◆ Supplied data
theorem lemma5:
  fixes \<alpha> \<beta> :: "nat \<Rightarrow> real \<times> real \<Rightarrow> real" and p :: nat
  assumes smooth: "\<And>s. s \<in> {1..p} \<Longrightarrow> smooth2 (\<alpha> s) \<and> smooth2 (\<beta> s)"
    and heat_\<alpha>: "\<And>s z. s \<in> {1..p} \<Longrightarrow> dt (\<alpha> s) z + dxn 2 (\<alpha> s) z = 0"
    and heat_\<beta>: "\<And>s z. s \<in> {1..p} \<Longrightarrow> dt (\<beta> s) z + dxn 2 (\<beta> s) z = 0"
    and wronsk: "\<And>z. (\<Sum>s=1..p. dx (\<alpha> s) z * \<beta> s z - \<alpha> s z * dx (\<beta> s) z) = 0"
  shows "\<forall>i j z. (\<Sum>s=1..p. dxn i (\<alpha> s) z * dxn j (\<beta> s) z
                          - dxn j (\<alpha> s) z * dxn i (\<beta> s) z) = 0"
proof (intro allI)
  fix i j z
  have "wronskian {1..p} \<alpha> \<beta> i j = (\<lambda>_. 0)"
  proof (rule vanishing_by_weight)
    show "wronskian {1..p} \<alpha> \<beta> 1 0 = (\<lambda>_. 0)"
      by (rule ext) (simp only: wronskian_1_0 wronsk)
  next
    show "wronskian {1..p} \<alpha> \<beta> j i z = - wronskian {1..p} \<alpha> \<beta> i j z" for i j z
      by (rule wronskian_swap)
  next
    show "wronskian {1..p} \<alpha> \<beta> (Suc i) j z = - wronskian {1..p} \<alpha> \<beta> i (Suc j) z"
      if "wronskian {1..p} \<alpha> \<beta> i j = (\<lambda>_. 0)" for i j z
      using smooth that by (rule wronskian_x_step)
  next
    show "wronskian {1..p} \<alpha> \<beta> (Suc (Suc i)) j z = - wronskian {1..p} \<alpha> \<beta> i (Suc (Suc j)) z"
      if "wronskian {1..p} \<alpha> \<beta> i j = (\<lambda>_. 0)" for i j z
      using smooth heat_\<alpha> heat_\<beta> that by (rule wronskian_t_step)
  qed
  then have "wronskian {1..p} \<alpha> \<beta> i j z = 0"
    by simp
  then show "(\<Sum>s=1..p. dxn i (\<alpha> s) z * dxn j (\<beta> s) z - dxn j (\<alpha> s) z * dxn i (\<beta> s) z) = 0"
    by (simp only: wronskian_def)
qed

end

◆ What needs to be done
Scan the records above for the string "only", then report every line that contains it.

◆ Exercise answer
      by (rule ext) (simp only: wronskian_1_0 wronsk)
    by (simp only: wronskian_def)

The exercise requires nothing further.